Let $n_1$denote the sample size corresponding to the smokers who took the sustained care program.

Let $n_2$denote the sample size corresponding to the smokers who took the standard care program.

Assume that $x_1$and $x_2$are the number of smokers who left smoking after six months when they took the sustained care program and the standard care program, respectively.

Let${\hat{p}}_1$ be the sample success rate of the sustained care program.

Thus,

$$\begin{gathered} {\hat{p}}_1=\frac{x_1}{n_1} \\ =\frac{51}{198} \\ =0.258 \end{gathered}$$

$$\begin{gathered} {\hat{q}}_1=1-{\hat{p}}_1 \\ =0.742 \end{gathered}$$

Let ${\hat{p}}_2$be the sample success rate of the standard care program.

$$\begin{gathered} {\hat{p}}_2=\frac{x_2}{n_2} \\ =\frac{30}{199} \\ =0.151 \end{gathered}$$

$$\begin{gathered} {\hat{q}}_2=1-{\hat{p}}_2 \\ =0.849 \end{gathered}$$

The value of the pooled sample proportion is equal to:

$$\begin{gathered} \overline{p}=\frac{x_1+x_2}{n_1+n_2} \\ =\frac{51+30}{198+199} \\ =0.204 \end{gathered}$$

Hence,

$$\begin{gathered} \overline{q}=1-\overline{p} \\ =1-0.204 \\ =0.796 \end{gathered}$$

The test statistic is equal to:

$$\begin{gathered} z=\frac{\left({\hat{p}}_1-{\hat{p}}_2\right)-\left(p_1-p_2\right)}{\sqrt{\frac{\overline{p}\overline{q}}{n_1}+\frac{\overline{p}\overline{q}}{n_2}}} \\ =\frac{\left(0.258-0.151\right)-0}{\sqrt{\frac{\left(0.204\right)\left(0.796\right)}{198}+\frac{\left(0.204\right)\left(0.796\right)}{199}}} \\ =2.641 \end{gathered}$$

Referring to the standard normal distribution table, the critical value of z corresponding to for a right-tailed test is equal to 2.33.

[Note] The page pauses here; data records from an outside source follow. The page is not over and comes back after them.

(* Let $p$ be a prime, $e\ge1$, and $G$ a finite abelian group of order $p^e$. Let $\psi^p\colon\mathbf{Z}[G]\to\mathbf{Z}[G]$ be the ring homomorphism with $\psi^p(g)=g^p$. If $\rho$ is a chosen representative of level $k>0$, then $$\psi^p(b_\rho)=\sum_{\tau:\ \psi\tau=\rho}p\,b_\tau,$$ where the sum runs over the chosen representatives $\tau$ with $\psi\tau=\rho$ (equivalently, over the equivalence classes of representations $\tau$ with $\psi\tau=\rho$).
   Context: A representation is a group homomorphism $\rho\colon G\to\mathbf{C}^*$; its level is $k$ if $\rho(G)$ has $p^k$ elements. Two representations are equivalent if they have the same kernel. For a representation $\tau$ of level $k>0$, $\psi\tau$ is the representation $x\mapsto\tau(x^p)$ (of level $k-1$). A representative is chosen in each equivalence class in such a way that, for chosen representatives $\tau,\rho$, if $\psi\tau$ is equivalent to $\rho$ then $\psi\tau=\rho$ (such a choice exists). Write $\omega=\exp(2\pi i/p)$. For $\rho$ of level $k>0$ set $b_\rho=\sum_{x\in G,\ \rho(x)=1}x-\sum_{\xi\in G,\ \rho(\xi)=\omega}\xi\in\mathbf{Z}[G]$. *)

theory Defs
  imports "HOL-Algebra.Group" "HOL-Computational_Algebra.Primes" Complex_Main
begin

text \<open>One-dimensional complex representations (characters) of G, as functions on the carrier
  (extensional, i.e. undefined outside the carrier).\<close>
definition rep :: "('a, 'b) monoid_scheme \<Rightarrow> ('a \<Rightarrow> complex) \<Rightarrow> bool" where
  "rep G \<rho> \<longleftrightarrow> \<rho> \<in> extensional (carrier G) \<and>
     (\<forall>x\<in>carrier G. \<rho> x \<noteq> 0) \<and>
     (\<forall>x\<in>carrier G. \<forall>y\<in>carrier G. \<rho> (x \<otimes>\<^bsub>G\<^esub> y) = \<rho> x * \<rho> y)"

definition level :: "('a, 'b) monoid_scheme \<Rightarrow> nat \<Rightarrow> ('a \<Rightarrow> complex) \<Rightarrow> nat" where
  "level G p \<rho> = (THE k. card (\<rho> ` carrier G) = p ^ k)"

definition rker :: "('a, 'b) monoid_scheme \<Rightarrow> ('a \<Rightarrow> complex) \<Rightarrow> 'a set" where
  "rker G \<rho> = {x \<in> carrier G. \<rho> x = 1}"

definition rep_equiv :: "('a, 'b) monoid_scheme \<Rightarrow> ('a \<Rightarrow> complex) \<Rightarrow> ('a \<Rightarrow> complex) \<Rightarrow> bool" where
  "rep_equiv G \<rho> \<sigma> \<longleftrightarrow> rker G \<rho> = rker G \<sigma>"

definition psi_rep :: "('a, 'b) monoid_scheme \<Rightarrow> nat \<Rightarrow> ('a \<Rightarrow> complex) \<Rightarrow> ('a \<Rightarrow> complex)" where
  "psi_rep G p \<tau> = restrict (\<lambda>x. \<tau> (x [^]\<^bsub>G\<^esub> p)) (carrier G)"

definition chosen_reps :: "('a, 'b) monoid_scheme \<Rightarrow> nat \<Rightarrow> ('a \<Rightarrow> complex) set \<Rightarrow> bool" where
  "chosen_reps G p R \<longleftrightarrow>
     R \<subseteq> {\<rho>. rep G \<rho>} \<and>
     (\<forall>\<sigma>. rep G \<sigma> \<longrightarrow> (\<exists>!\<tau>. \<tau> \<in> R \<and> rep_equiv G \<tau> \<sigma>)) \<and>
     (\<forall>\<tau>\<in>R. \<forall>\<rho>\<in>R. level G p \<tau> > 0 \<longrightarrow> rep_equiv G (psi_rep G p \<tau>) \<rho> \<longrightarrow> psi_rep G p \<tau> = \<rho>)"

text \<open>Elements of Z[G] are integer-valued functions on G supported on the carrier.\<close>
definition omega :: "nat \<Rightarrow> complex" where
  "omega p = exp (2 * pi * \<i> / of_nat p)"

definition b_elt :: "('a, 'b) monoid_scheme \<Rightarrow> nat \<Rightarrow> ('a \<Rightarrow> complex) \<Rightarrow> ('a \<Rightarrow> int)" where
  "b_elt G p \<rho> = (\<lambda>x. if x \<in> carrier G then
      (if \<rho> x = 1 then 1 else 0) - (if \<rho> x = omega p then 1 else 0) else 0)"

text \<open>The ring endomorphism psi^p of Z[G], g \<mapsto> g^p, extended linearly.\<close>
definition psi_grp :: "('a, 'b) monoid_scheme \<Rightarrow> nat \<Rightarrow> ('a \<Rightarrow> int) \<Rightarrow> ('a \<Rightarrow> int)" where
  "psi_grp G p f = (\<lambda>h. \<Sum>g\<in>{g \<in> carrier G. g [^]\<^bsub>G\<^esub> p = h}. f g)"

end

theory Submission
  imports Defs "HOL-Algebra.Multiplicative_Group"
begin

text \<open>Write \<open>\<Lambda>\<close> for the set of all characters
  \<open>\<tau>\<close> with \<open>\<psi>\<tau> = \<rho>\<close>. First, \<open>\<psi>\<^sup>p(b\<^sub>\<rho>)(h) = \<Sum>\<^sub>\<tau>\<^sub>\<in>\<^sub>\<Lambda> b\<^sub>\<tau>(h)\<close>. If \<open>\<rho>\<close> is
  nontrivial on the \<open>p\<close>-torsion \<open>G[p]\<close>, then \<open>\<Lambda> = {}\<close> and translating by a torsion element
  with \<open>\<rho>\<close>-value \<open>\<omega>\<close> shows that the left side vanishes. Otherwise \<open>\<rho>\<close> factors through
  \<open>x \<mapsto> x\<^sup>p\<close>, so \<open>\<Lambda>\<close> is the set of extensions to \<open>G\<close> of a character of \<open>G\<^sup>p\<close>; counting
  extensions of characters one generator at a time gives \<open>|\<Lambda>| = |G : G\<^sup>p| = |G[p]|\<close>, which
  settles \<open>h \<in> G\<^sup>p\<close>, while for \<open>h \<notin> G\<^sup>p\<close> multiplying by a character trivial on \<open>G\<^sup>p\<close> with
  value \<open>\<omega>\<close> at \<open>h\<close> makes both sides vanish.

  Second, \<open>\<Lambda>\<close> splits into kernel classes on which \<open>b\<^sub>\<tau>\<close> is constant. The class of \<open>t\<close> is
  in bijection with the characters trivial on \<open>t\<^sup>-\<^sup>1(\<rho>(G))\<close>, a subgroup of index \<open>p\<close>, so it has
  exactly \<open>p\<close> elements; and by the compatibility of the choice with \<open>\<psi>\<close> its chosen representative
  again lies in \<open>\<Lambda>\<close>.\<close>

section \<open>Roots of unity and counting\<close>

lemma card_eq_mult_card_image:
  assumes "finite A" and "\<And>y. y \<in> f ` A \<Longrightarrow> card {x\<in>A. f x = y} = m"
  shows "card A = m * card (f ` A)"
proof -
  have "card A = (\<Sum>y\<in>f ` A. card {x\<in>A. f x = y})"
    using sum.image_gen[OF assms(1), of "\<lambda>_. 1::nat" f] by simp
  also have "\<dots> = (\<Sum>y\<in>f ` A. m)" using assms(2) by simp
  finally show ?thesis by simp
qed

lemma root_of_unity_eq_1_if_coprime:
  fixes w :: complex
  assumes "w ^ d = 1" "w ^ q = 1" "coprime d q" "d \<noteq> 0"
  shows "w = 1"
proof -
  obtain x y where xy: "d * x = q * y + gcd d q" using bezout_nat[OF assms(4)] by blast
  have "w ^ (d * x) = w ^ (q * y) * w" using xy assms(3) by (simp add: power_add)
  then show ?thesis using assms(1,2) by (simp add: power_mult)
qed

lemma prime_root_of_unity_powers:
  fixes w u :: complex
  assumes p: "prime p" and w: "w ^ p = 1" "w \<noteq> 1" and u: "u ^ p = 1"
  shows "\<exists>i. u = w ^ i"
proof -
  have p0: "p > 0" using p prime_gt_0_nat by blast
  have w0: "w \<noteq> 0" using w p0 by (metis power_0_left zero_neq_one neq0_conv)
  have less: "w ^ i \<noteq> w ^ j" if "i < j" "j < p" for i j
  proof
    assume eq: "w ^ i = w ^ j"
    have "w ^ i * w ^ (j - i) = w ^ j" using that(1) by (simp flip: power_add)
    then have "w ^ i * w ^ (j - i) = w ^ i * 1" using eq by simp
    then have "w ^ (j - i) = 1" using w0 by simp
    moreover have "\<not> p dvd j - i" using that by (auto dest: dvd_imp_le)
    then have "coprime (j - i) p" using prime_imp_coprime[OF p] coprime_commute by blast
    ultimately show False using root_of_unity_eq_1_if_coprime[of w "j - i" p] w that(1) by simp
  qed
  have inj: "inj_on (\<lambda>i. w ^ i) {..<p}"
    by (rule inj_onI) (metis lessThan_iff less linorder_neqE_nat)
  have "(\<lambda>i. w ^ i) ` {..<p} \<subseteq> {z. z ^ p = 1}"
    using w by (auto simp flip: power_mult simp: mult.commute[of _ p] power_mult)
  moreover have "card ((\<lambda>i. w ^ i) ` {..<p}) = card {z::complex. z ^ p = 1}"
    using card_image[OF inj] card_roots_unity_eq[OF p0] by simp
  ultimately have "(\<lambda>i. w ^ i) ` {..<p} = {z. z ^ p = 1}"
    by (intro card_subset_eq) (auto simp: finite_roots_unity p0)
  then show ?thesis using u by blast
qed

lemma omega_pow_eq_1: assumes "p > 0" shows "omega p ^ p = 1"
proof -
  have "omega p ^ p = exp (of_nat p * (2 * pi * \<i> / of_nat p))"
    unfolding omega_def by (rule exp_of_nat_mult[symmetric])
  also have "of_nat p * (2 * pi * \<i> / of_nat p) = 2 * of_real pi * \<i>" using assms by simp
  finally show ?thesis by simp
qed

section \<open>Characters of subgroups\<close>

definition subgroup_char :: "('a, 'b) monoid_scheme \<Rightarrow> 'a set \<Rightarrow> ('a \<Rightarrow> complex) \<Rightarrow> bool" where
  "subgroup_char G H \<chi> \<longleftrightarrow> \<chi> \<in> extensional H \<and> (\<forall>x\<in>H. \<chi> x \<noteq> 0) \<and>
     (\<forall>x\<in>H. \<forall>y\<in>H. \<chi> (x \<otimes>\<^bsub>G\<^esub> y) = \<chi> x * \<chi> y)"

definition char_extensions :: "('a, 'b) monoid_scheme \<Rightarrow> 'a set \<Rightarrow> ('a \<Rightarrow> complex) \<Rightarrow> ('a \<Rightarrow> complex) set" where
  "char_extensions G H \<chi> = {\<tau>. rep G \<tau> \<and> (\<forall>x\<in>H. \<tau> x = \<chi> x)}"

lemma rep_iff_subgroup_char: "rep G \<tau> \<longleftrightarrow> subgroup_char G (carrier G) \<tau>"
  by (simp add: rep_def subgroup_char_def)

context comm_group
begin

lemma subgroup_pow_closed: "subgroup H G \<Longrightarrow> x \<in> H \<Longrightarrow> x [^] (n::nat) \<in> H"
  by (induction n) (auto simp: subgroup.m_closed subgroup.one_closed)

lemma subgroup_char_mult:
  "subgroup_char G H \<chi> \<Longrightarrow> x \<in> H \<Longrightarrow> y \<in> H \<Longrightarrow> \<chi> (x \<otimes> y) = \<chi> x * \<chi> y"
  by (auto simp: subgroup_char_def)

lemma subgroup_char_nonzero: "subgroup_char G H \<chi> \<Longrightarrow> x \<in> H \<Longrightarrow> \<chi> x \<noteq> 0"
  by (auto simp: subgroup_char_def)

lemma subgroup_char_one:
  assumes "subgroup H G" "subgroup_char G H \<chi>"
  shows "\<chi> \<one> = 1"
proof -
  have "\<one> \<in> H" using assms(1) by (rule subgroup.one_closed)
  then have "\<chi> \<one> * \<chi> \<one> = \<chi> \<one> * 1" "\<chi> \<one> \<noteq> 0"
    using subgroup_char_mult[OF assms(2), of \<one> \<one>] subgroup_char_nonzero[OF assms(2)] by auto
  then show ?thesis by (metis mult_left_cancel)
qed

lemma subgroup_char_pow:
  assumes "subgroup H G" "subgroup_char G H \<chi>" "x \<in> H"
  shows "\<chi> (x [^] (n::nat)) = \<chi> x ^ n"
proof (induction n)
  case 0
  then show ?case using subgroup_char_one[OF assms(1,2)] by simp
next
  case (Suc n)
  have "\<chi> (x [^] Suc n) = \<chi> (x [^] n) * \<chi> x"
    using subgroup_char_mult[OF assms(2) subgroup_pow_closed[OF assms(1,3)] assms(3)] by simp
  then show ?case using Suc by simp
qed

lemma subgroup_char_inv:
  assumes "subgroup H G" "subgroup_char G H \<chi>" "x \<in> H"
  shows "\<chi> (inv x) = inverse (\<chi> x)"
proof -
  have "inv x \<in> H" "x \<in> carrier G"
    using assms(1,3) by (auto simp: subgroup.m_inv_closed subgroup.mem_carrier)
  then have "\<chi> x * \<chi> (inv x) = 1"
    using subgroup_char_mult[OF assms(2,3)] subgroup_char_one[OF assms(1,2)] by (metis r_inv)
  then show ?thesis by (metis inverse_unique)
qed

lemma rep_mult: "rep G \<tau> \<Longrightarrow> x \<in> carrier G \<Longrightarrow> y \<in> carrier G \<Longrightarrow> \<tau> (x \<otimes> y) = \<tau> x * \<tau> y"
  by (simp add: rep_def)

lemma rep_nonzero: "rep G \<tau> \<Longrightarrow> x \<in> carrier G \<Longrightarrow> \<tau> x \<noteq> 0"
  by (simp add: rep_def)

lemma rep_outside: "rep G \<tau> \<Longrightarrow> x \<notin> carrier G \<Longrightarrow> \<tau> x = undefined"
  by (simp add: rep_def extensional_def)

lemma rep_one: "rep G \<tau> \<Longrightarrow> \<tau> \<one> = 1"
  using subgroup_char_one[OF subgroup_self] by (simp add: rep_iff_subgroup_char)

lemma rep_pow: "rep G \<tau> \<Longrightarrow> x \<in> carrier G \<Longrightarrow> \<tau> (x [^] (n::nat)) = \<tau> x ^ n"
  using subgroup_char_pow[OF subgroup_self] by (simp add: rep_iff_subgroup_char)

lemma rep_inv: "rep G \<tau> \<Longrightarrow> x \<in> carrier G \<Longrightarrow> \<tau> (inv x) = inverse (\<tau> x)"
  using subgroup_char_inv[OF subgroup_self] by (simp add: rep_iff_subgroup_char)

lemma rep_times:
  "rep G \<tau> \<Longrightarrow> rep G \<sigma> \<Longrightarrow> rep G (restrict (\<lambda>x. \<tau> x * \<sigma> x) (carrier G))"
  by (auto simp: rep_def)

lemma rep_divide:
  "rep G \<tau> \<Longrightarrow> rep G \<sigma> \<Longrightarrow> rep G (restrict (\<lambda>x. \<tau> x / \<sigma> x) (carrier G))"
  by (auto simp: rep_def)

lemma rep_times_divide_cancel:
  assumes "rep G \<tau>" "rep G \<sigma>"
  shows "restrict (\<lambda>x. restrict (\<lambda>x. \<tau> x * \<sigma> x) (carrier G) x / \<sigma> x) (carrier G) = \<tau>"
proof
  fix x show "restrict (\<lambda>x. restrict (\<lambda>x. \<tau> x * \<sigma> x) (carrier G) x / \<sigma> x) (carrier G) x = \<tau> x"
    using assms rep_nonzero[OF assms(2)] rep_outside[OF assms(1)] by (cases "x \<in> carrier G") auto
qed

Referring to the standard normal distribution table, the corresponding p-value is equal to 0.0041.

Here, the value of the test statistic is greater than the critical value, and the p-value is less than 0.01.

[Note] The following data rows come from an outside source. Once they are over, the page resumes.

lemma dimF2_le_card_generates:
  assumes H: "add_closed H" and X: "generates n X (coord_code H)"
  shows "dimF2 H \<le> card X"
proof -
  have fin: "finite X" and D: "coord_code H = E_span X \<union> F2_span_E X"
    using X by (auto simp: generates_def)
  have "X \<subseteq> coord_code H"
    using D F2_span_E_superset [of X] by blast
  then have "pi_vec ` X \<subseteq> H"
    by (auto simp: coord_code_def)
  moreover have "H \<subseteq> F2_span (pi_vec ` X)"
  proof
    fix h assume "h \<in> H"
    then have "kappa_vec h \<in> E_span X \<union> F2_span_E X"
      using D kappa_vec_in_coord_code [OF H] by blast
    then show "h \<in> F2_span (pi_vec ` X)"
      using pi_vec_spans [OF fin] by fastforce
  qed
  ultimately have "F2_span (pi_vec ` X) = H"
    using F2_span_subset [OF H] by blast
  then have "dimF2 H \<le> card (pi_vec ` X)"
    unfolding dimF2_def using fin \<open>pi_vec ` X \<subseteq> H\<close> by (intro Least_le) blast
  also have "\<dots> \<le> card X"
    using fin by (rule card_image_le)
  finally show ?thesis .
qed

lemma rankE_coord_code:
  assumes H: "add_closed H" "H \<subseteq> Bvecs n"
  shows "rankE n (coord_code H) = dimF2 H"
  unfolding rankE_def
proof (rule Least_equality)
  obtain Y where Y: "finite Y" "Y \<subseteq> H" "F2_span Y = H" "card Y = dimF2 H"
    using dimF2_attained H finite_subset [OF H(2) finite_Bvecs] by metis
  have "card (kappa_vec ` Y) = dimF2 H"
    using Y(4) card_image [OF inj_on_subset [OF inj_kappa_vec]] by simp
  then show "\<exists>X. generates n X (coord_code H) \<and> card X = dimF2 H"
    using generates_kappa_vec [OF H Y(1-3)] by blast
qed (use dimF2_le_card_generates [OF H(1)] in blast)

lemma free_code_eq_coord_code:
  assumes lin: "E_linear n C" and free: "free_code n C"
  shows "C = coord_code (Res C)"
proof (intro equalityI subsetI)
  have add: "\<And>x y. x \<in> C \<Longrightarrow> y \<in> C \<Longrightarrow> (\<lambda>i. x i + y i) \<in> C"
    and scale: "\<And>e x. x \<in> C \<Longrightarrow> (\<lambda>i. e * x i) \<in> C"
    using lin by (auto simp: E_linear_def)
  fix z
  assume z: "z \<in> C"
  (* \<kappa> e = \<pi>(e) \<kappa>, so e + \<kappa> e is the \<zeta>-part of e. *)
  have "z i + Kap * z i = zetaB (zeta_vec z i)" for i
    by (cases "z i") (simp_all add: zetaB_def zeta_vec_def zero_E_def)
  with add [OF z scale [OF z, of Kap]] have "(\<lambda>i. zetaB (zeta_vec z i)) \<in> C"
    by simp
  moreover have "zeta_vec z \<in> Bvecs n"
    using z lin by (auto simp: E_linear_def Evecs_def Bvecs_def zeta_vec_def)
  ultimately have "zeta_vec z \<in> Res C"
    using free by (simp add: free_code_def Tor_def)
  with z show "z \<in> coord_code (Res C)"
    by (simp add: coord_code_def Res_eq_image_pi_vec)
next
  fix z
  assume "z \<in> coord_code (Res C)"
  then obtain w w' where w: "w \<in> C" "pi_vec z = pi_vec w" and w': "w' \<in> C" "zeta_vec z = pi_vec w'"
    by (auto simp: coord_code_def Res_eq_image_pi_vec)
  have "z = (\<lambda>i. Kap * w i + Zet * w' i)"
    using w(2) w'(2)
    by (simp add: vec_eq_iff_coords fun_eq_iff pi_vec_def zeta_vec_def piE_add piE_mult
        zeta_coord_add zeta_coord_mult)
  also have "\<dots> \<in> C"
    using lin w(1) w'(1) by (simp add: E_linear_def)
  finally show "z \<in> C" .
qed

lemma SHullE_coord_code:
  assumes "(\<lambda>i. 0) \<in> R"
  shows "SHullE n (coord_code R) = coord_code (SHullB n R)"
proof (intro equalityI subsetI)
  fix z
  assume "z \<in> SHullE n (coord_code R)"
  then have z: "z \<in> coord_code R" "z \<in> Evecs n"
    and orth: "\<And>w. w \<in> coord_code R \<Longrightarrow> sympE n z w = 0"
    by (auto simp: SHullE_def sperpE_def)
  have "sympB n (pi_vec z) r = 0 \<and> sympB n (zeta_vec z) r = 0" if "r \<in> R" for r
    using orth [of "kappa_vec r"] kappa_vec_in_coord_code that assms
    by (simp add: coord_code_def sympE_eq_0_iff)
  moreover have "pi_vec z \<in> Bvecs n" "zeta_vec z \<in> Bvecs n"
    using z(2) by (auto simp: Evecs_def Bvecs_def pi_vec_def zeta_vec_def)
  ultimately show "z \<in> coord_code (SHullB n R)"
    using z(1) by (simp add: coord_code_def SHullB_def sperpB_def)
next
  fix z
  assume "z \<in> coord_code (SHullB n R)"
  then have z: "pi_vec z \<in> R" "zeta_vec z \<in> R" "pi_vec z \<in> Bvecs n" "zeta_vec z \<in> Bvecs n"
    and orth: "\<And>r. r \<in> R \<Longrightarrow> sympB n (pi_vec z) r = 0 \<and> sympB n (zeta_vec z) r = 0"
    by (auto simp: coord_code_def SHullB_def sperpB_def)
  have "z \<in> Evecs n"
    using z(3,4) by (auto simp: Evecs_def Bvecs_def pi_vec_def zeta_vec_def E_eq_0_iff_coords)
  moreover have "sympE n z w = 0 \<and> sympE n w z = 0" if "w \<in> coord_code R" for w
    using that orth z(1) by (simp add: coord_code_def sympE_eq_0_iff sympB_commute [of n _ "pi_vec z"])
  ultimately show "z \<in> SHullE n (coord_code R)"
    using z(1,2) by (simp add: SHullE_def sperpE_def coord_code_def)
qed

Therefore, reject the null hypothesis at a 0.01 significance level.

a.

There is sufficient evidence to support the claim that the success rateof the sustained care program is greater than the success rate of the standard care program.

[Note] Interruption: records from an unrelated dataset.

(* Let $J_1,J_2$ be either (i) Lennard-Jones potentials: $J_1(z)=\frac{k_1}{z^{12}}-\frac{k_2}{z^6}$ for $z>0$, $J_1(z)=+\infty$ for $z\le0$, with $k_1,k_2>0$, and $J_2(z)=J_1(2z)$; or (ii) Morse potentials: $J_1(z)=k_1\big(1-e^{-k_2(z-\delta_1)}\big)^2-k_1$ for $z\in\mathbb R$ with $\delta_1,k_1,k_2>0$, and $J_2(z)=J_1(2z)$. Let $\delta_1$ be the unique minimizer of $J_1$ and $\gamma$ the unique minimizer of $J_0$. Then $J_1(\gamma)<0$, $J_2(\gamma)<0$, $J_2(\delta_1)<0$, $J_2(\gamma)>2J_2\big(\frac{\delta_1+\gamma}{2}\big)$, and $$R(t):=J_2\Big(\frac{\gamma+t}{2}\Big)+\frac12\big(J_1(\gamma)+J_1(t)\big)-J_0(\gamma)-\frac32\big(J_{CB}(t)-J_0(\gamma)\big)\le0\quad\text{for all }t\in\operatorname{dom}J_1.$$ Furthermore, for every $\theta>0$ there exists $\eta_\theta>0$ such that $J_2\big(\frac{t+\gamma}{2}\big)<0$ for all $t\in\operatorname{dom}J_1$ with $J_1(t)<J_1(\theta)+2\eta_\theta$.
   Context: $J_{CB}:=J_1+J_2$; $J_0(z):=J_2(z)+\frac12\inf\{J_1(z_1)+J_1(z_2):z_1+z_2=2z\}$. It is known (from prior work) that these potentials satisfy the standing hypotheses of the paper; in particular $J_0$ has a unique minimizer $\gamma>0$, which coincides with the unique minimizer of $J_{CB}$, and $J_0(\gamma)=J_{CB}(\gamma)$. *)

theory Defs
  imports Complex_Main
begin

text \<open>Potentials are real-valued functions together with their effective domain
  D = dom J_1 (the set where J_1 is finite); outside D the paper's J_1 is +infinity,
  so all quantifications and infima are restricted to D.\<close>

definition LJ :: "real \<Rightarrow> real \<Rightarrow> real \<Rightarrow> real" where
  "LJ k1 k2 z = k1 / z ^ 12 - k2 / z ^ 6"

definition Morse :: "real \<Rightarrow> real \<Rightarrow> real \<Rightarrow> real \<Rightarrow> real" where
  "Morse k1 k2 d1 z = k1 * (1 - exp (- k2 * (z - d1)))\<^sup>2 - k1"

definition JCB :: "(real \<Rightarrow> real) \<Rightarrow> (real \<Rightarrow> real) \<Rightarrow> real \<Rightarrow> real" where
  "JCB J1 J2 z = J1 z + J2 z"

definition J0 :: "real set \<Rightarrow> (real \<Rightarrow> real) \<Rightarrow> (real \<Rightarrow> real) \<Rightarrow> real \<Rightarrow> real" where
  "J0 D J1 J2 z = J2 z + 1/2 * Inf {J1 z1 + J1 z2 | z1 z2. z1 \<in> D \<and> z2 \<in> D \<and> z1 + z2 = 2 * z}"

definition is_minimizer_on :: "real set \<Rightarrow> (real \<Rightarrow> real) \<Rightarrow> real \<Rightarrow> bool" where
  "is_minimizer_on D f x \<longleftrightarrow> x \<in> D \<and> (\<forall>z\<in>D. f x \<le> f z)"

end

theory Submission
  imports Defs
begin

If the level of significance for a two-tailed test is equal to 0.01, then the corresponding confidence level to construct the confidence interval is equal to 98%.

Hence, the level of significance $\left(\alpha \right)$for the confidence interval method is equal to 0.02.

The expression of the confidence interval is as follows:

$\left({\hat{p}}_1-{\hat{p}}_2\right)-E<p_1-p_2<\left({\hat{p}}_1-{\hat{p}}_2\right)+E$

Here, E is the margin of error.

The value of the margin of error is computed as follows:

$$\begin{gathered} E=z_{\frac{\alpha }{2}}\sqrt{\frac{{\hat{p}}_1{\hat{q}}_1}{n_1}+\frac{{\hat{p}}_2{\hat{q}}_2}{n_2}} \\ =2.33\times \sqrt{\frac{\left(0.258\right)\left(0.742\right)}{198}+\frac{\left(0.151\right)\left(0.849\right)}{199}} \\ =0.0935 \end{gathered}$$

b.

Substituting the required values, the following confidence interval is obtained:

$$\begin{gathered} \left({\hat{p}}_1-{\hat{p}}_2\right)-E<p_1-p_2<\left({\hat{p}}_1-{\hat{p}}_2\right)+E \\ (0.258-0.151)-0.0935<p_1-p_2<(0.258-0.151)+0.0935 \\ 0.013<p_1-p_2<0.200 \end{gathered}$$

Thus, the 99% confidence interval is equal to (0.013, 0.200).

This confidence interval does not contain zero that means there is a significant difference between the two population proportions of smokers who left smoking after six months.

Therefore, the confidence interval suggests that there is sufficient evidence to support the claim that therate of success of the sustained care program is greater as compared to that of the standard care program.

c.

Here, the sample success rate of the sustained care program and the standard care program are 25.8% and 15.1%, respectively.

Thus, the success rate of the sustained care program appears to be greater than that of the standard care program.

The sustained care program gives better results and should be preferred over the standard care program.